◆ Aim of the task
Reproduce the data exactly.

(Dataset entries)
(* Let $G$ be a countable discrete group acting minimally by homeomorphisms on a compact Hausdorff space $X$, and let $\mu\in P(G,C(X))$. Then for all $t\in G$ and $f\in C(X)$, in $C(X)\rtimes_\lambda G$ we have $\|\mu(f\lambda_t)\|\le\|f\|\,\|\mu\lambda_t\|$.
   Context: $(g\cdot f)(x)=f(g^{-1}x)$. $C(X)\rtimes_\lambda G$ is the reduced crossed product with canonical unitaries $\lambda_t$, $\lambda_tf\lambda_t^*=t\cdot f$; $G$ acts on it by $t\cdot a=\lambda_ta\lambda_t^*$. A generalized $(G,C(X))$-probability measure is a formal sum $\mu=\sum_{i\in I}f_is_if_i$ with $I$ an index set, $s_i\in G$ (repetitions allowed), $f_i\in C(X)$, $f_i\ge0$, $f_i\ne0$, $\sum_if_i^2=1$ (norm-convergent); $P(G,C(X))$ is the set of these; $\mu a=\sum_if_i(s_i\cdot a)f_i$. *)

theory Defs
  imports "HOL-Analysis.Analysis" "HOL-Library.Countable"
begin

text \<open>The discrete group G is a type of class group_add (written additively, not
necessarily commutative): s + t is the product st, -s the inverse, 0 the unit.\<close>

definition group_action :: "('g::group_add \<Rightarrow> 'x::topological_space \<Rightarrow> 'x) \<Rightarrow> bool" where
  "group_action act \<longleftrightarrow> (\<forall>y. act 0 y = y) \<and> (\<forall>s t y. act (s + t) y = act s (act t y))
      \<and> (\<forall>s. continuous_on UNIV (act s))"

definition minimal_action :: "('g::group_add \<Rightarrow> 'x::topological_space \<Rightarrow> 'x) \<Rightarrow> bool" where
  "minimal_action act \<longleftrightarrow> (\<forall>y. closure (range (\<lambda>g. act g y)) = UNIV)"

text \<open>Generalized (G,C(X))-probability measure mu = sum_i f_i s_i f_i, indexed by the type 'i.
 sum_i f_i^2 = 1 in sup norm, unconditionally (net of finite subsets).\<close>

definition gen_prob_measure :: "('i \<Rightarrow> 'g) \<Rightarrow> ('i \<Rightarrow> 'x::topological_space \<Rightarrow> real) \<Rightarrow> bool" where
  "gen_prob_measure s fs \<longleftrightarrow>
     (\<forall>i. continuous_on UNIV (fs i) \<and> (\<forall>y. fs i y \<ge> 0) \<and> fs i \<noteq> (\<lambda>y. 0)) \<and>
     uniform_limit UNIV (\<lambda>F y. \<Sum>i\<in>F. (fs i y)\<^sup>2) (\<lambda>y. 1) (finite_subsets_at_top UNIV)"

text \<open>Elements of the reduced crossed product C(X) x|_lambda G are represented via the faithful
 representation  (+)_{x in X} Ind(ev_x)  on  (+)_x l^2(G):
   pi_x(f) delta_g = f(g.x) delta_g,  lambda_t delta_g = delta_{tg}.
 An element a is stored as its family of matrix coefficients
   M a x h g = < (pi_x x| lambda)(a) delta_g, delta_h >.\<close>

type_synonym ('x,'g) cp_elem = "'x \<Rightarrow> 'g \<Rightarrow> 'g \<Rightarrow> complex"

definition cp_fl :: "('g::group_add \<Rightarrow> 'x \<Rightarrow> 'x) \<Rightarrow> ('x \<Rightarrow> complex) \<Rightarrow> 'g \<Rightarrow> ('x,'g) cp_elem" where
  "cp_fl act f t = (\<lambda>x h g. if h = t + g then f (act h x) else 0)"

definition cp_lambda :: "'g::group_add \<Rightarrow> ('x,'g) cp_elem" where
  "cp_lambda t = (\<lambda>x h g. if h = t + g then 1 else 0)"

text \<open>mu a = sum_i f_i (s_i . a) f_i  where s . a = lambda_s a lambda_s^*;
 its matrix coefficients are the (convergent) sums of those of the summands.\<close>
definition mu_apply :: "('g::group_add \<Rightarrow> 'x \<Rightarrow> 'x) \<Rightarrow> ('i \<Rightarrow> 'g) \<Rightarrow> ('i \<Rightarrow> 'x \<Rightarrow> real)
     \<Rightarrow> ('x,'g) cp_elem \<Rightarrow> ('x,'g) cp_elem" where
  "mu_apply act s fs a = (\<lambda>x h g. \<Sum>\<^sub>\<infinity>i. complex_of_real (fs i (act h x))
        * a x (- s i + h) (- s i + g) * complex_of_real (fs i (act g x)))"

definition l2_unit_fin :: "('g \<Rightarrow> complex) \<Rightarrow> bool" where
  "l2_unit_fin v \<longleftrightarrow> finite {g. v g \<noteq> 0} \<and> (\<Sum>g\<in>{g. v g \<noteq> 0}. (cmod (v g))\<^sup>2) \<le> 1"

definition mat_opnorm :: "('g \<Rightarrow> 'g \<Rightarrow> complex) \<Rightarrow> real" where
  "mat_opnorm M = Sup {cmod (\<Sum>h\<in>{h. \<eta> h \<noteq> 0}. \<Sum>g\<in>{g. \<xi> g \<noteq> 0}. cnj (\<eta> h) * M h g * \<xi> g)
       | \<xi> \<eta>. l2_unit_fin \<xi> \<and> l2_unit_fin \<eta>}"

definition cp_norm :: "('x,'g) cp_elem \<Rightarrow> real" where
  "cp_norm a = (SUP x. mat_opnorm (a x))"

◆ Response to this exercise
(* Let $G$ be a countable discrete group acting minimally by homeomorphisms on a compact Hausdorff space $X$, and let $\mu\in P(G,C(X))$. Then for all $t\in G$ and $f\in C(X)$, in $C(X)\rtimes_\lambda G$ we have $\|\mu(f\lambda_t)\|\le\|f\|\,\|\mu\lambda_t\|$.
   Context: $(g\cdot f)(x)=f(g^{-1}x)$. $C(X)\rtimes_\lambda G$ is the reduced crossed product with canonical unitaries $\lambda_t$, $\lambda_tf\lambda_t^*=t\cdot f$; $G$ acts on it by $t\cdot a=\lambda_ta\lambda_t^*$. A generalized $(G,C(X))$-probability measure is a formal sum $\mu=\sum_{i\in I}f_is_if_i$ with $I$ an index set, $s_i\in G$ (repetitions allowed), $f_i\in C(X)$, $f_i\ge0$, $f_i\ne0$, $\sum_if_i^2=1$ (norm-convergent); $P(G,C(X))$ is the set of these; $\mu a=\sum_if_i(s_i\cdot a)f_i$. *)

theory Defs
  imports "HOL-Analysis.Analysis" "HOL-Library.Countable"
begin

text \<open>The discrete group G is a type of class group_add (written additively, not
necessarily commutative): s + t is the product st, -s the inverse, 0 the unit.\<close>

definition group_action :: "('g::group_add \<Rightarrow> 'x::topological_space \<Rightarrow> 'x) \<Rightarrow> bool" where
  "group_action act \<longleftrightarrow> (\<forall>y. act 0 y = y) \<and> (\<forall>s t y. act (s + t) y = act s (act t y))
      \<and> (\<forall>s. continuous_on UNIV (act s))"

definition minimal_action :: "('g::group_add \<Rightarrow> 'x::topological_space \<Rightarrow> 'x) \<Rightarrow> bool" where
  "minimal_action act \<longleftrightarrow> (\<forall>y. closure (range (\<lambda>g. act g y)) = UNIV)"

text \<open>Generalized (G,C(X))-probability measure mu = sum_i f_i s_i f_i, indexed by the type 'i.
 sum_i f_i^2 = 1 in sup norm, unconditionally (net of finite subsets).\<close>

definition gen_prob_measure :: "('i \<Rightarrow> 'g) \<Rightarrow> ('i \<Rightarrow> 'x::topological_space \<Rightarrow> real) \<Rightarrow> bool" where
  "gen_prob_measure s fs \<longleftrightarrow>
     (\<forall>i. continuous_on UNIV (fs i) \<and> (\<forall>y. fs i y \<ge> 0) \<and> fs i \<noteq> (\<lambda>y. 0)) \<and>
     uniform_limit UNIV (\<lambda>F y. \<Sum>i\<in>F. (fs i y)\<^sup>2) (\<lambda>y. 1) (finite_subsets_at_top UNIV)"

text \<open>Elements of the reduced crossed product C(X) x|_lambda G are represented via the faithful
 representation  (+)_{x in X} Ind(ev_x)  on  (+)_x l^2(G):
   pi_x(f) delta_g = f(g.x) delta_g,  lambda_t delta_g = delta_{tg}.
 An element a is stored as its family of matrix coefficients
   M a x h g = < (pi_x x| lambda)(a) delta_g, delta_h >.\<close>

type_synonym ('x,'g) cp_elem = "'x \<Rightarrow> 'g \<Rightarrow> 'g \<Rightarrow> complex"

definition cp_fl :: "('g::group_add \<Rightarrow> 'x \<Rightarrow> 'x) \<Rightarrow> ('x \<Rightarrow> complex) \<Rightarrow> 'g \<Rightarrow> ('x,'g) cp_elem" where
  "cp_fl act f t = (\<lambda>x h g. if h = t + g then f (act h x) else 0)"

definition cp_lambda :: "'g::group_add \<Rightarrow> ('x,'g) cp_elem" where
  "cp_lambda t = (\<lambda>x h g. if h = t + g then 1 else 0)"

text \<open>mu a = sum_i f_i (s_i . a) f_i  where s . a = lambda_s a lambda_s^*;
 its matrix coefficients are the (convergent) sums of those of the summands.\<close>
definition mu_apply :: "('g::group_add \<Rightarrow> 'x \<Rightarrow> 'x) \<Rightarrow> ('i \<Rightarrow> 'g) \<Rightarrow> ('i \<Rightarrow> 'x \<Rightarrow> real)
     \<Rightarrow> ('x,'g) cp_elem \<Rightarrow> ('x,'g) cp_elem" where
  "mu_apply act s fs a = (\<lambda>x h g. \<Sum>\<^sub>\<infinity>i. complex_of_real (fs i (act h x))
        * a x (- s i + h) (- s i + g) * complex_of_real (fs i (act g x)))"

definition l2_unit_fin :: "('g \<Rightarrow> complex) \<Rightarrow> bool" where
  "l2_unit_fin v \<longleftrightarrow> finite {g. v g \<noteq> 0} \<and> (\<Sum>g\<in>{g. v g \<noteq> 0}. (cmod (v g))\<^sup>2) \<le> 1"

definition mat_opnorm :: "('g \<Rightarrow> 'g \<Rightarrow> complex) \<Rightarrow> real" where
  "mat_opnorm M = Sup {cmod (\<Sum>h\<in>{h. \<eta> h \<noteq> 0}. \<Sum>g\<in>{g. \<xi> g \<noteq> 0}. cnj (\<eta> h) * M h g * \<xi> g)
       | \<xi> \<eta>. l2_unit_fin \<xi> \<and> l2_unit_fin \<eta>}"

definition cp_norm :: "('x,'g) cp_elem \<Rightarrow> real" where
  "cp_norm a = (SUP x. mat_opnorm (a x))"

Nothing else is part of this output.